*** Opening Data extract ***

(* Let $\mathcal N$ be a feed-forward ReLU network with input dimension $n_{\mathrm{in}}$ whose parameter vector $\theta$ is random with a distribution absolutely continuous with respect to Lebesgue measure, let $\mathcal C\subset\mathbb R^{n_{\mathrm{in}}}$ be a closed cube, and let $r\in\{0,\dots,n_{\mathrm{in}}\}$. With probability $1$, for every $k\in\{0,\dots,n_{\mathrm{in}}\}$ the set $\mathcal V_k(\theta)$ consists of isolated points, and $$\#\{r\text{-partial activation regions }\mathcal R(\mathcal A;\theta)\text{ with }\mathcal R(\mathcal A;\theta)\cap\mathcal C\neq\emptyset\}\le\sum_{k=r}^{n_{\mathrm{in}}}\binom{k}{r}2^{k-r}\,\#\mathcal V_k(\theta).$$
   Context: A feed-forward ReLU network $\mathcal N$ with input dimension $n_{\mathrm{in}}$ has hidden layers $1,\dots,d$; edges only between consecutive layers (arbitrary connectivity, no tied weights). A neuron $z$ in layer $1$ has pre-activation $z(x;\theta)=\sum_i w_{z,i}x_i$; a neuron $z$ in layer $\ell\ge2$ has pre-activation $z(x;\theta)=\sum_{z'}w_{z,z'}\max\{0,z'(x;\theta)-b_{z'}\}$ over neurons $z'$ of layer $\ell-1$ joined to $z$; $b_z$ is its bias. $\theta$ is the vector of all weights and biases. Let $\mathrm{sgn}(t)=1,0,-1$ for $t>0,t=0,t<0$. An $r$-partial activation pattern is $\mathcal A=\{a_z\}\in\{-1,0,1\}^{\#\mathrm{neurons}}$ with exactly $r$ neurons having $a_z=0$; its $r$-partial activation region is $\mathcal R(\mathcal A;\theta)=\{x:\ \mathrm{sgn}(z(x;\theta)-b_z)=a_z\ \forall z\}$. $H_z(\theta)=\{x:z(x;\theta)=b_z\}$; $X_{\mathcal N,k}(\theta)$ is the set of $x$ for which there are exactly $k$ neurons $z$ with $x\in H_z(\theta)$. $\mathcal C_k$ is the $k$-dimensional skeleton of $\mathcal C$, i.e. the union of its $k$-dimensional faces ($\mathcal C_0$ = the vertices, $\mathcal C_{n_{\mathrm{in}}}=\mathcal C$). $\mathcal V_k(\theta)=X_{\mathcal N,k}(\theta)\cap\mathcal C_k$, and $\#\mathcal V_k$ is its cardinality. *)

theory Defs
  imports "HOL-Probability.Probability"
begin
(* For every integer $t\ge 2$, the set $S_t$ is in general position, i.e., no three of its points are collinear.
   Context: For integers $r\ge 1$ let $\delta_r:=3\cdot 4^{r-1}$ and $\delta_r':=(3r+1)\cdot 4^{r-1}$. For positive integers $k,l$ define $S_{k,l}\subset\mathbb{Z}^2$ recursively: $S_{k,l}:=\{(0,0)\}$ if $k\le 2$ or $l\le 2$; otherwise $S_{k,l}:=S_{k-1,l}\cup\{(x+\delta_{k+l-1},\,y+\delta_{k+l-1}'):(x,y)\in S_{k,l-1}\}$. Let $t\ge 2$ be an integer. For $0\le i\le t-3$ define $v_i:=(3(t-i),-3i)$, and let $w_0:=(0,0)$, $w_{i+1}:=w_i+v_i$ for $i=0,\dots,t-3$. For $i=0,\dots,t-2$ let $q_i:=(t+1)4^{t+1}w_i$. Define $S_t:=\bigcup_{i=0}^{t-2}\{p+q_i: p\in S_{t-i,i+2}\}$. *)

theory Defs
  imports "HOL-Analysis.Analysis"
begin

definition delta :: "nat \<Rightarrow> int" where
  "delta r = 3 * 4 ^ (r - 1)"

definition delta' :: "nat \<Rightarrow> int" where
  "delta' r = (3 * int r + 1) * 4 ^ (r - 1)"

function Skl :: "nat \<Rightarrow> nat \<Rightarrow> (int \<times> int) set" where
  "Skl k l = (if k \<le> 2 \<or> l \<le> 2 then {(0, 0)}
     else Skl (k - 1) l \<union>
          (\<lambda>(x, y). (x + delta (k + l - 1), y + delta' (k + l - 1))) ` Skl k (l - 1))"
  by auto
termination by (relation "Wellfounded.measure (\<lambda>(k, l). k + l)") auto

definition vvec :: "nat \<Rightarrow> nat \<Rightarrow> int \<times> int" where
  "vvec t i = (3 * (int t - int i), - 3 * int i)"

fun wvec :: "nat \<Rightarrow> nat \<Rightarrow> int \<times> int" where
  "wvec t 0 = (0, 0)"
| "wvec t (Suc i) = (fst (wvec t i) + fst (vvec t i), snd (wvec t i) + snd (vvec t i))"

definition qvec :: "nat \<Rightarrow> nat \<Rightarrow> int \<times> int" where
  "qvec t i = ((int t + 1) * 4 ^ (t + 1) * fst (wvec t i), (int t + 1) * 4 ^ (t + 1) * snd (wvec t i))"

definition St :: "nat \<Rightarrow> (int \<times> int) set" where
  "St t = (\<Union>i \<in> {0..t - 2}. (\<lambda>(x, y). (x + fst (qvec t i), y + snd (qvec t i))) ` Skl (t - i) (i + 2))"

definition to_real2 :: "int \<times> int \<Rightarrow> real \<times> real" where
  "to_real2 p = (real_of_int (fst p), real_of_int (snd p))"

definition general_position :: "(int \<times> int) set \<Rightarrow> bool" where
  "general_position P \<longleftrightarrow> (\<forall>A \<subseteq> P. card A = 3 \<longrightarrow> \<not> collinear (to_real2 ` A))"

end

theory Submission
  imports Defs
begin

(* A point of S_{k,l} is a subset sum p(R) = (\<Sum>r\<in>R. \<delta>_r, \<Sum>r\<in>R. \<delta>'_r) over R \<subseteq> {1..k+l-1},
   and \<delta>'_r / \<delta>_r = r + 1/3. As the weights grow by the factor 4, the difference p(Q) - p(P)
   of two distinct subsets has slope strictly between m and m + 1, where m is the largest
   element of the symmetric difference. Of three distinct subsets, two of the three pairs share
   the same largest difference and the third pair has a smaller one, so the two edges at the
   common vertex have slopes in disjoint windows.
   The copies of the S_{k,l} in S_t are translated by q_i = (t+1) 4^(t+1) w_i, where the w_i
   lie on a strictly concave parabola arc. Within one copy all edges have slope > 1, edges
   between copies have slope < 1, and for three copies the curvature of the scaled arc
   dominates the bounded perturbation by the subset sums. *)

definition subset_point :: "nat set \<Rightarrow> int \<times> int" where
  "subset_point R = ((\<Sum>r\<in>R. delta r), (\<Sum>r\<in>R. delta' r))"

lemma subset_point_empty [simp]: "subset_point {} = (0, 0)"
  by (simp add: subset_point_def)

lemma subset_point_insert:
  "finite R \<Longrightarrow> r \<notin> R \<Longrightarrow> subset_point (insert r R) = subset_point R + (delta r, delta' r)"
  by (simp add: subset_point_def)

(* The defining equation of Skl is unguarded and would loop in the simplifier. *)
declare Skl.simps [simp del]

lemma Skl_subset_subset_points: "Skl k l \<subseteq> subset_point ` Pow {1..k + l - 1}"
proof (induction k l rule: Skl.induct)
  case (1 k l)
  show ?case
  proof (cases "k \<le> 2 \<or> l \<le> 2")
    case True
    then show ?thesis by (subst Skl.simps) force
  next
    case False
    let ?n = "k + l - 1"
    have "Skl (k - 1) l \<subseteq> subset_point ` Pow {1..k - 1 + l - 1}"
      using "1.IH"(1) False by blast
    also have "\<dots> \<subseteq> subset_point ` Pow {1..?n}"
      by (intro image_mono Pow_mono) auto
    finally have "Skl (k - 1) l \<subseteq> subset_point ` Pow {1..?n}" .
    moreover have "k + (l - 1) - 1 = ?n - 1" using False by simp
    with "1.IH"(2)[OF False] have IH2: "Skl k (l - 1) \<subseteq> subset_point ` Pow {1..?n - 1}"
      by simp
    moreover have "(\<lambda>(x, y). (x + delta ?n, y + delta' ?n)) ` Skl k (l - 1) \<subseteq> subset_point ` Pow {1..?n}"
    proof clarify
      fix x y assume "(x, y) \<in> Skl k (l - 1)"
      then obtain R where R: "R \<subseteq> {1..?n - 1}" "(x, y) = subset_point R"
        using IH2 by blast
      have "?n \<notin> {1..?n - 1}" using False by auto
      then have "?n \<notin> R" "finite R" using R(1) finite_subset[OF R(1)] by auto
      then have "(x + delta ?n, y + delta' ?n) = subset_point (insert ?n R)"
        by (simp add: subset_point_insert R(2)[symmetric])
      moreover have "R \<subseteq> {1..?n}" using R(1) by (rule order_trans) auto
      then have "insert ?n R \<subseteq> {1..?n}" using False by auto
      ultimately show "(x + delta ?n, y + delta' ?n) \<in> subset_point ` Pow {1..?n}" by blast
    qed
    ultimately show ?thesis using False by (subst Skl.simps) simp
  qed
qed

lemma sum_delta: "(\<Sum>r=1..n. delta r) = 4 ^ n - 1"
  by (induction n) (simp_all add: delta_def)

lemma sum_delta': "(\<Sum>r=1..n. delta' r) = int n * 4 ^ n"
  by (induction n) (simp_all add: delta'_def algebra_simps)

lemma sum_abs_delta'_minus_delta:
  assumes "int n < c"
  shows "(\<Sum>r=1..n. \<bar>delta' r - c * delta r\<bar>) = c * (4 ^ n - 1) - int n * 4 ^ n"
proof -
  have "\<bar>delta' r - c * delta r\<bar> = c * delta r - delta' r" if "r \<in> {1..n}" for r
  proof -
    have "delta' r - c * delta r = (3 * int r + 1 - 3 * c) * 4 ^ (r - 1)"
      by (simp add: delta_def delta'_def algebra_simps)
    also have "\<dots> < 0"
      using that assms by (intro mult_neg_pos) auto
    finally show ?thesis by simp
  qed
  then have "(\<Sum>r=1..n. \<bar>delta' r - c * delta r\<bar>) = (\<Sum>r=1..n. c * delta r - delta' r)"
    by (rule sum.cong[OF refl])
  also have "\<dots> = c * (4 ^ n - 1) - int n * 4 ^ n"
    unfolding sum_subtractf sum_distrib_left[symmetric] sum_delta sum_delta' ..
  finally show ?thesis .
qed

definition is_top_diff :: "nat set \<Rightarrow> nat set \<Rightarrow> nat \<Rightarrow> bool" where
  "is_top_diff P Q m \<longleftrightarrow> m \<in> sym_diff P Q \<and> (\<forall>r>m. r \<in> P \<longleftrightarrow> r \<in> Q)"

lemma is_top_diff_sym: "is_top_diff P Q m \<longleftrightarrow> is_top_diff Q P m"
  unfolding is_top_diff_def by blast

lemma is_top_diff_Max:
  assumes "finite P" "finite Q" "P \<noteq> Q"
  shows "is_top_diff P Q (Max (sym_diff P Q))"
proof -
  have D: "finite (sym_diff P Q)" "sym_diff P Q \<noteq> {}" using assms by auto
  have "\<forall>r > Max (sym_diff P Q). r \<in> P \<longleftrightarrow> r \<in> Q"
    using Max_ge[OF D(1)] by (meson DiffI UnI1 UnI2 not_le)
  then show ?thesis unfolding is_top_diff_def using Max_in[OF D] by blast
qed

lemma sum_diff_near_top:
  fixes g :: "nat \<Rightarrow> int"
  assumes "P \<subseteq> {1..n}" "Q \<subseteq> {1..n}" "is_top_diff P Q m" "m \<in> Q"
  shows "\<bar>sum g Q - sum g P - g m\<bar> \<le> (\<Sum>r=1..<m. \<bar>g r\<bar>)"
proof -
  have fin: "finite P" "finite Q" using assms(1,2) finite_subset by blast+
  let ?A = "Q - P - {m}" and ?B = "P - Q"
  have sub: "?A \<union> ?B \<subseteq> {1..<m}"
  proof
    fix r assume r: "r \<in> ?A \<union> ?B"
    then have "1 \<le> r" using assms(1,2) by auto
    moreover have "r \<le> m" using r assms(3) unfolding is_top_diff_def by (meson DiffE UnE not_le)
    moreover have "r \<noteq> m" using r assms(4) by blast
    ultimately show "r \<in> {1..<m}" by simp
  qed
  have "sum g Q - sum g P = sum g (Q - P) - sum g ?B"
    using fin by (simp add: sum.Int_Diff[of Q g P] sum.Int_Diff[of P g Q] Int_commute)
  also have "sum g (Q - P) = g m + sum g ?A"
    using fin assms(3,4) unfolding is_top_diff_def by (simp add: sum.remove)
  finally have "\<bar>sum g Q - sum g P - g m\<bar> = \<bar>sum g ?A - sum g ?B\<bar>" by simp
  also have "\<dots> \<le> (\<Sum>r\<in>?A. \<bar>g r\<bar>) + (\<Sum>r\<in>?B. \<bar>g r\<bar>)"
    by (rule order_trans[OF abs_triangle_ineq4 add_mono[OF sum_abs sum_abs]])
  also have "\<dots> = (\<Sum>r\<in>?A \<union> ?B. \<bar>g r\<bar>)"
    using fin by (simp add: sum.union_disjoint Diff_Int_distrib2)
  also have "\<dots> \<le> (\<Sum>r=1..<m. \<bar>g r\<bar>)"
    using sub by (intro sum_mono2) auto
  finally show ?thesis .
qed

*** Closing Data extract ***

Exercise description: Whenever the word "qvec" shows up in a line of the entries, list that line.

Task output:
definition qvec :: "nat \<Rightarrow> nat \<Rightarrow> int \<times> int" where
  "qvec t i = ((int t + 1) * 4 ^ (t + 1) * fst (wvec t i), (int t + 1) * 4 ^ (t + 1) * snd (wvec t i))"
  "St t = (\<Union>i \<in> {0..t - 2}. (\<lambda>(x, y). (x + fst (qvec t i), y + snd (qvec t i))) ` Skl (t - i) (i + 2))"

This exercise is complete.